Fig. 3 Ray-trace diagram of the dual-grating WBC configuration that was implemented in this work (left). Calculated peak-to-peak pointing error versus the groove densities for the two gratings in a dual-grating WBC configuration (right). The pointing error is normalized by 1 radian and plotted on a log10 scale for a transform lens with focal length of fT = 2.5 cm. The design point is indicated.
Figure 3 depicts the ray-tracing diagram corresponding to this design. The rays from all QCLs start by pointing in the same direction. The beams then converge at a distance of one focal length from the transform lens. For single-grating WBC, the grating would be located at this position. In contrast, for dual-grating WBC the grating is placed beyond this position at a location that is arbitrary to some extent. For the experiments results described below, the distance between the lens and first grating is nominally 7.5 cm. After being diffracted from the first grating, the beams converge at a distance of 4.5 cm where the second grating is placed. It is calculated that the beams do not converge perfectly at the second grating but are offset in the near-field by ~25 μm. This offset is negligible compared to the 11.7-mm beam size. The dual-grating design provides a great deal of flexibility in placement of the gratings. This is useful for avoiding optical obscurations and mechanical interferences.
For the dual-grating WBC experiments, a microlens array was integrated with the QCL array. The microlens array has the effect of increasing the far-field divergence from the system by reducing the near-field beam size at the gratings. As compared to a system without microlenses, microlenses will reduce the relative pointing error while the absolute pointing error remains unchanged. The germanium microlens array is AR coated on both surfaces. Each lens has a spherical surface-figure corresponding to f = 75 μm to collimate the beam in both the slow and fast axes. The lens aperture is rectangular with a pitch of 75 μm in the WBC dimension to match the QCL array and 150 μm in the orthogonal dimension to capture a larger fraction of the rapidly diverging beam from the QCL. Based on the measured profiles of the laser beams after collimation by the microlens (which are well approximated by Gaussians), one infers a footprint of the laser beams at the microlens of 60 μm × 110 μm FW1/e2. The microlens array was aligned to the QCL array such that the beams are collimated and pointing in the same direction, and then permanently attached to the laser submount using UV-curing epoxy. Because of the increased numerical aperture of the microlens as compared to the collection lens (f = D = 12. 7 mm) used in the single-grating experiment, the collection efficiency was measured to increase by the factor 1.75.

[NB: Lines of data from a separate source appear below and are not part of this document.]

(* In the converse setting below, \[ \sum_{i=1}^n I(X_i;W_1\mid Y_1^{i-1}S^{i-1})\ \ge\ \frac{(1-\epsilon)N_1L\log_2 q-h_2(\epsilon)}{1-\delta_1}. \]
   Context: Converse setting. $0<\delta_1,\delta_2<1$, $0<\epsilon\le 1/2$. Messages $W_1$ uniform on $\mathbb{F}_q^{LN_1}$ and $W_2$ uniform on $\mathbb{F}_q^{LN_2}$, and Alice's private randomness $\Theta_A$, are mutually independent. Channel states $S_1,\dots,S_n\in\{B,C,BC,\emptyset\}$ are i.i.d., independent of $(W_1,W_2,\Theta_A)$, with Bob receiving with probability $1-\delta_1$ and Calvin with probability $1-\delta_2$, independently. Inputs $X_i=f_i(W_1,W_2,\Theta_A,S^{i-1})\in\mathbb{F}_q^L$ (honest acknowledgments). Outputs: $Y_{1,i}=X_i$ if Bob receives packet $i$, else $\perp$; $Y_{2,i}=X_i$ if Calvin receives packet $i$, else $\perp$. $V^i=(V_1,\dots,V_i)$ ($V^0$ empty). There is a decoder with $\Pr\{\phi_1(Y_1^n)\ne W_1\}<\epsilon$. $h_2$ is the binary entropy function; logarithms base 2. *)

theory Defs
  imports "HOL-Probability.Probability"
begin

text \<open>Channel states: Bob only, Calvin only, both, nobody.\<close>
datatype chstate = B | C | BC | Empt

definition bob_rx :: "chstate \<Rightarrow> bool" where
  "bob_rx s \<longleftrightarrow> s = B \<or> s = BC"

definition calvin_rx :: "chstate \<Rightarrow> bool" where
  "calvin_rx s \<longleftrightarrow> s = C \<or> s = BC"

definition state_pmf :: "real \<Rightarrow> real \<Rightarrow> chstate pmf" where
  "state_pmf d1 d2 = map_pmf (\<lambda>(b, c). if b then (if c then BC else B) else (if c then C else Empt))
      (pair_pmf (bernoulli_pmf (1 - d1)) (bernoulli_pmf (1 - d2)))"

text \<open>i.i.d. states S_1..S_n (indexed 1..n; value outside is irrelevant).\<close>
definition states_pmf :: "nat \<Rightarrow> real \<Rightarrow> real \<Rightarrow> (nat \<Rightarrow> chstate) pmf" where
  "states_pmf n d1 d2 = Pi_pmf {1..n} Empt (\<lambda>_. state_pmf d1 d2)"

text \<open>Vectors in F_q^k as lists of length k.\<close>
definition vecs :: "nat \<Rightarrow> 'f list set" where
  "vecs k = {xs. length xs = k}"

text \<open>Joint distribution of (W1, W2, Theta_A, S): mutually independent,
  messages uniform.\<close>
definition joint_pmf :: "nat \<Rightarrow> nat \<Rightarrow> nat \<Rightarrow> 'r pmf \<Rightarrow> nat \<Rightarrow> real \<Rightarrow> real
    \<Rightarrow> ('f::{finite,field} list \<times> 'f list \<times> 'r \<times> (nat \<Rightarrow> chstate)) pmf" where
  "joint_pmf L N1 N2 \<Theta> n d1 d2 =
     pair_pmf (pmf_of_set (vecs (L * N1)))
       (pair_pmf (pmf_of_set (vecs (L * N2))) (pair_pmf \<Theta> (states_pmf n d1 d2)))"

definition Spast :: "nat \<Rightarrow> (nat \<Rightarrow> chstate) \<Rightarrow> chstate list" where
  "Spast i s = map s [1..<i]"
(* Let $\beta=1$, $\gamma>2$ and $G\in\mathcal S_{Rob}(\mathbb R^* )$. Then $$\lim_{n\to\infty}\mathbb E_{\nu_b}\Big[\sup_{t\in[0,T]}\Big(\int_0^t\frac{\Theta(n)}{\sqrt n}\sum_{x=0}^{\infty}\mathcal R_{n,\beta}G(\tfrac xn)\,\bar\eta^n_s(0)\,ds\Big)^2\Big]=0$$ and $$\lim_{n\to\infty}\mathbb E_{\nu_b}\Big[\sup_{t\in[0,T]}\Big(\int_0^t\frac{\Theta(n)}{\sqrt n}\sum_{x=-\infty}^{-1}\mathcal R_{n,\beta}G(\tfrac xn)\,\bar\eta^n_s(-1)\,ds\Big)^2\Big]=0.$$
   Context: Fix $\gamma>2$, $\alpha>0$, $\beta=1$, $b\in(0,1)$, $T>0$. Let $p(0)=0$, $p(x)=c_\gamma|x|^{-\gamma-1}$ ($x\ne0$), $c_\gamma$ normalizing; $m=\sum_{x\ge1}xp(x)$, $\sigma^2=\sum_xx^2p(x)$, $\kappa_\gamma=\sigma^2/2$, $\hat\alpha=\alpha m/\kappa_\gamma$. Slow bonds: unordered pairs $\{x,y\}$ with $x\le-1$, $y\ge0$; rates $r^n_{x,y}=\alpha n^{-\beta}$ on slow bonds, $1$ otherwise. Exclusion process on $\{0,1\}^{\mathbb Z}$ with generator $\mathcal L_nf(\eta)=\sum_{x,y}p(y-x)\eta(x)(1-\eta(y))r^n_{x,y}[f(\eta^{x,y})-f(\eta)]$. $\Theta(n)=n^2$. $\eta^n_t=\eta_{t\Theta(n)}$ started from the Bernoulli product measure $\nu_b$ of density $b$; $\mathbb E_{\nu_b}$ is the corresponding expectation; $\bar\eta^n_t(x)=\eta^n_t(x)-b$. $\mathcal S_{Rob}(\mathbb R^* )$: functions $G=\mathbb 1_{\{u<0\}}G_-+\mathbb 1_{\{u\ge0\}}G_+$ with $G_\pm$ Schwartz functions satisfying $G_-^{(2k+1)}(0)=G_+^{(2k+1)}(0)=\hat\alpha[G_+^{(2k)}(0)-G_-^{(2k)}(0)]$ for all $k\ge0$. Operator (for $\beta\ge1$): for $x\ge0$, $\mathcal R_{n,\beta}G(\tfrac xn)=\alpha n^{-\beta}\sum_{y\le-1}[G(\tfrac yn)-G(\tfrac xn)]p(y-x)+n^{-1}G_+'(0)\sum_{y\ge0}(y-x)p(y-x)$; for $x\le-1$, $\mathcal R_{n,\beta}G(\tfrac xn)=\alpha n^{-\beta}\sum_{y\ge0}[G(\tfrac yn)-G(\tfrac xn)]p(y-x)+n^{-1}G_-'(0)\sum_{y\le-1}(y-x)p(y-x)$. *)

theory Defs
  imports "HOL-Probability.Probability"
begin
lemma second_difference_mvt:
  fixes f :: "real^'n::finite \<Rightarrow> real"
  assumes f: "f differentiable_on UNIV - {0}" and fa: "pd a f differentiable_on UNIV - {0}"
    and h: "0 < h" "2 * h < norm y"
  obtains \<xi> \<eta> where "0 < \<xi>" "\<xi> < h" "0 < \<eta>" "\<eta> < h"
    and "f (y + h *\<^sub>R axis a 1 + h *\<^sub>R axis b 1) - f (y + h *\<^sub>R axis a 1)
        - f (y + h *\<^sub>R axis b 1) + f y
      = h\<^sup>2 * pd b (pd a f) (y + \<xi> *\<^sub>R axis a 1 + \<eta> *\<^sub>R axis b 1)"
proof -
  have ne: "y + s *\<^sub>R axis a 1 + u *\<^sub>R axis b 1 \<noteq> 0" if "0 \<le> s" "s \<le> h" "0 \<le> u" "u \<le> h" for s u
  proof
    assume "y + s *\<^sub>R axis a 1 + u *\<^sub>R axis b 1 = 0"
    then have "s *\<^sub>R axis a 1 + u *\<^sub>R axis b 1 = - y"
      by (simp add: add_eq_0_iff add.assoc)
    then have "norm y = norm (s *\<^sub>R axis a 1 + u *\<^sub>R axis b 1 :: real^'n)"
      by simp
    with norm_axis_combination_le[of s a u b] that h show False by simp
  qed
  have diff_a: "((\<lambda>s. f (w + s *\<^sub>R axis a 1)) has_real_derivative pd a f (w + s *\<^sub>R axis a 1)) (at s)"
    if "w + s *\<^sub>R axis a 1 \<noteq> 0" for w s
    using has_real_derivative_pd[OF differentiable_on_off0_at[OF f that]] .
  define \<phi> where "\<phi> s = f (y + h *\<^sub>R axis b 1 + s *\<^sub>R axis a 1) - f (y + s *\<^sub>R axis a 1)" for s
  have "(\<phi> has_real_derivative pd a f (y + h *\<^sub>R axis b 1 + s *\<^sub>R axis a 1)
      - pd a f (y + s *\<^sub>R axis a 1)) (at s)" if "0 \<le> s" "s \<le> h" for s
    unfolding \<phi>_def using ne[OF that, of h] ne[OF that, of 0] h
    by (intro DERIV_diff diff_a) (simp_all add: add_ac)
  from MVT2[OF h(1) this] obtain \<xi> where \<xi>: "0 < \<xi>" "\<xi> < h"
    and \<phi>_diff: "\<phi> h - \<phi> 0 = (h - 0) * (pd a f (y + h *\<^sub>R axis b 1 + \<xi> *\<^sub>R axis a 1)
      - pd a f (y + \<xi> *\<^sub>R axis a 1))"
    by blast
  define \<psi> where "\<psi> u = pd a f (y + \<xi> *\<^sub>R axis a 1 + u *\<^sub>R axis b 1)" for u
  have "(\<psi> has_real_derivative pd b (pd a f) (y + \<xi> *\<^sub>R axis a 1 + u *\<^sub>R axis b 1)) (at u)"
    if "0 \<le> u" "u \<le> h" for u
    unfolding \<psi>_def using \<xi> that
    by (intro has_real_derivative_pd differentiable_on_off0_at[OF fa] ne) simp_all
  from MVT2[OF h(1) this] obtain \<eta> where \<eta>: "0 < \<eta>" "\<eta> < h"
    and \<psi>_diff: "\<psi> h - \<psi> 0 = (h - 0) * pd b (pd a f) (y + \<xi> *\<^sub>R axis a 1 + \<eta> *\<^sub>R axis b 1)"
    by blast
  have "f (y + h *\<^sub>R axis a 1 + h *\<^sub>R axis b 1) - f (y + h *\<^sub>R axis a 1)
        - f (y + h *\<^sub>R axis b 1) + f y = h * (\<psi> h - \<psi> 0)"
    using \<phi>_diff unfolding \<phi>_def \<psi>_def by (simp add: add_ac)
  with \<psi>_diff \<xi> \<eta> that show ?thesis by (simp add: power2_eq_square)
qed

The microlensed QCL array was incorporated into the dual-grating WBC optical system and the beam properties were characterized using a microbolometer focal-plane-array. The laser near-fields were measured 15 cm from the second grating. For laser #11, the near-field beam size of 11.7 mm x 2.7 mm FW1/e2 corresponds to an ellipticity of 4.3. This is close to an ellipticity of 4.5 calculated as the product of the ellipticity of the starting beam and the grating magnification. Figure 4(a) plots the beam position in the WBC dimension versus laser number. The length of the bars represents the FW1/e2 beam sizes and the points indicate the centroids. The peak-to-peak positional error in the WBC dimension is 0.6 mm or only 5% of the 11.7-mm beam size. The beam size is seen to decrease by ~25% with increasing laser number. This is due to the fact that the AOI, and therefore the grating magnification, varies along the array. In the non-WBC dimension, the positional error is 0.35 mm or 13% of the 2.7-mm beam size.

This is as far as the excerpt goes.